THE STATE OF TEXAS, Appellee






On Appeal from the 6th Judicial District Court

Lamar County, Texas

Trial Court No. 21210










Before Morriss, C.J., Carter and Moseley, JJ.

Memorandum Opinion by Justice Moseley



MEMORANDUM OPINION



A jury found Daniel Remsburg guilty of threatening Officer Billy Pillars of the Paris Police Department with imminent bodily injury. See Tex. Penal Code Ann. § 22.01(a)(2) (Vernon Supp. 2006). The jury also found that Remsburg used or exhibited a deadly weapon during the commission of that offense, elevating the charge to aggravated assault. See Tex. Penal Code Ann. § 22.02(a)(2) (Vernon Supp. 2006). The jury assessed his punishment at imprisonment for twenty-five years and no fine. Remsburg now appeals, raising two issues. We affirm.

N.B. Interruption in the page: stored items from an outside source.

lemma stopped_threshold:
  assumes stopped: "sm_stopped n g t" and k: "k \<in> {1..n}"
  obtains \<sigma> where "\<sigma> \<in> {1..k}"
    and "\<And>i. 1 \<le> i \<Longrightarrow> i < \<sigma> \<Longrightarrow> g i = 0"
    and "\<And>i l \<gamma>. (i, l, \<gamma>) \<in> set M \<Longrightarrow> i < \<sigma> \<Longrightarrow> l \<le> k"
    and "\<And>s l \<gamma>. (s, l, \<gamma>) \<in> set M \<Longrightarrow> l \<le> k \<Longrightarrow> s \<le> \<sigma>"
    and "\<And>i. \<sigma> < i \<Longrightarrow> i \<le> k \<Longrightarrow> t i = 0"
proof -
  define escapes where "escapes s \<longleftrightarrow> 0 < g s \<or> (\<exists>l \<gamma>. (s, l, \<gamma>) \<in> set M \<and> k < l)" for s
  have "escapes k"
  proof (rule ccontr)
    assume not_escapes: "\<not> escapes k"
    have "low_mass v M k = (\<Sum>e\<leftarrow>M. 0)"
      unfolding low_mass_def
    proof (rule arg_cong[where f = sum_list], rule map_cong[OF refl])
      fix e assume "e \<in> set M"
      then obtain s l \<gamma> where "e = (s, l, \<gamma>)" "(s, l, \<gamma>) \<in> set M" by (metis prod_cases3)
      then show "(case e of (s, l, \<gamma>) \<Rightarrow> if s = k then \<gamma> * (1 - v s / v l) else 0) = 0"
        using not_escapes match_range[of s l \<gamma>] by (auto simp: escapes_def)
    qed
    moreover have "g k = 0" using not_escapes g_nonneg[of k] by (auto simp: escapes_def)
    ultimately show False using low_mass_eq[OF k] f_pos[OF k] by simp
  qed
  define \<sigma> where "\<sigma> = (LEAST s. 1 \<le> s \<and> escapes s)"
  have \<sigma>: "1 \<le> \<sigma>" "escapes \<sigma>" "\<sigma> \<le> k"
    using LeastI[of "\<lambda>s. 1 \<le> s \<and> escapes s" k] Least_le[of "\<lambda>s. 1 \<le> s \<and> escapes s" k] \<open>escapes k\<close> k
    unfolding \<sigma>_def by auto
  have before: "\<not> escapes i" if "1 \<le> i" "i < \<sigma>" for i
    using not_less_Least[of i "\<lambda>s. 1 \<le> s \<and> escapes s"] that unfolding \<sigma>_def by auto
  show ?thesis
  proof (rule that)
    show "\<sigma> \<in> {1..k}" using \<sigma> by simp
    show "g i = 0" if "1 \<le> i" "i < \<sigma>" for i
      using before[OF that] g_nonneg[of i] by (auto simp: escapes_def)
    show "l \<le> k" if "(i, l, \<gamma>) \<in> set M" "i < \<sigma>" for i l \<gamma>
      using before[of i] match_range[OF that(1)] that by (auto simp: escapes_def not_less)
    show "s \<le> \<sigma>" if e: "(s, l, \<gamma>) \<in> set M" "l \<le> k" for s l \<gamma>
    proof (rule ccontr)
      assume "\<not> s \<le> \<sigma>"
      from \<sigma>(2) consider "0 < g \<sigma>" | l' \<gamma>' where "(\<sigma>, l', \<gamma>') \<in> set M" "k < l'"
        by (auto simp: escapes_def)
      then show False
      proof cases
        case 1
        then show False using exhausted_below[OF e(1), of \<sigma>] \<sigma> \<open>\<not> s \<le> \<sigma>\<close> by simp
      next
        case 2
        then show False using matches_mono[OF 2(1) e(1)] \<open>\<not> s \<le> \<sigma>\<close> e(2) by simp
      qed
    qed
    show "t i = 0" if "\<sigma> < i" "i \<le> k" for i
    proof -
      from \<sigma>(2) consider "0 < g \<sigma>" | l' \<gamma>' where "(\<sigma>, l', \<gamma>') \<in> set M" "k < l'"
        by (auto simp: escapes_def)
      then show ?thesis
      proof cases
        case 1
        then have "t i \<le> 0" using stopped \<sigma> that k by (auto simp: sm_stopped_def)
        then show ?thesis using t_nonneg[of i] by simp
      next
        case 2
        then show ?thesis using exhausted_between[OF 2(1), of i] that by simp
      qed
    qed
  qed
qed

(1) Failure to Instruct on Statutory Definition

In his first point of error, Remsburg contends the trial court erred by failing to instruct the jury about the definition of "serious bodily injury" in the court's written jury charge. No request for the inclusion of that definition was made by Remsburg at trial and an allegation of error in that regard is first made in this appeal. When jury errors concerning jury charge issues are brought forward on appeal, we must first determine if the complaint now raised did, indeed, constitute error in the jury charge. Abdnor v. State, 871 S.W.2d 726, 731 (Tex. Crim. App. 1994). We then determine whether the appellant preserved the alleged error at trial. If he did not object at trial, then the "appropriate standard [of review] is the statutory one for fundamental error in the charge." Jimenez v. State, 32 S.W.3d 233, 239 (Tex. Crim. App. 2000); see also Stokes v. State, 74 S.W.3d 48, 50 (Tex. App.--Texarkana 2002, pet. ref'd). This standard means that we should not reverse the trial court's judgment "unless the error appearing from the record was calculated to injure the rights of the defendant, or unless it appears from the record that the defendant has not had a fair and impartial trial." Tex. Code Crim. Proc. Ann. art. 36.19 (Vernon 2006); see also Abdnor, 871 S.W.2d at 731 n.4. If, however, an objection was raised in the trial court, then we must determine only whether "some harm" accrued to the defendant as a result of the error. Jimenez, 32 S.W.3d at 237. Stated differently, under this latter standard, we would be required to reverse the trial court's judgment for any nonstructural error unless we were convinced, beyond a reasonable doubt, that the error did not contribute to the appellant's conviction or punishment. Id.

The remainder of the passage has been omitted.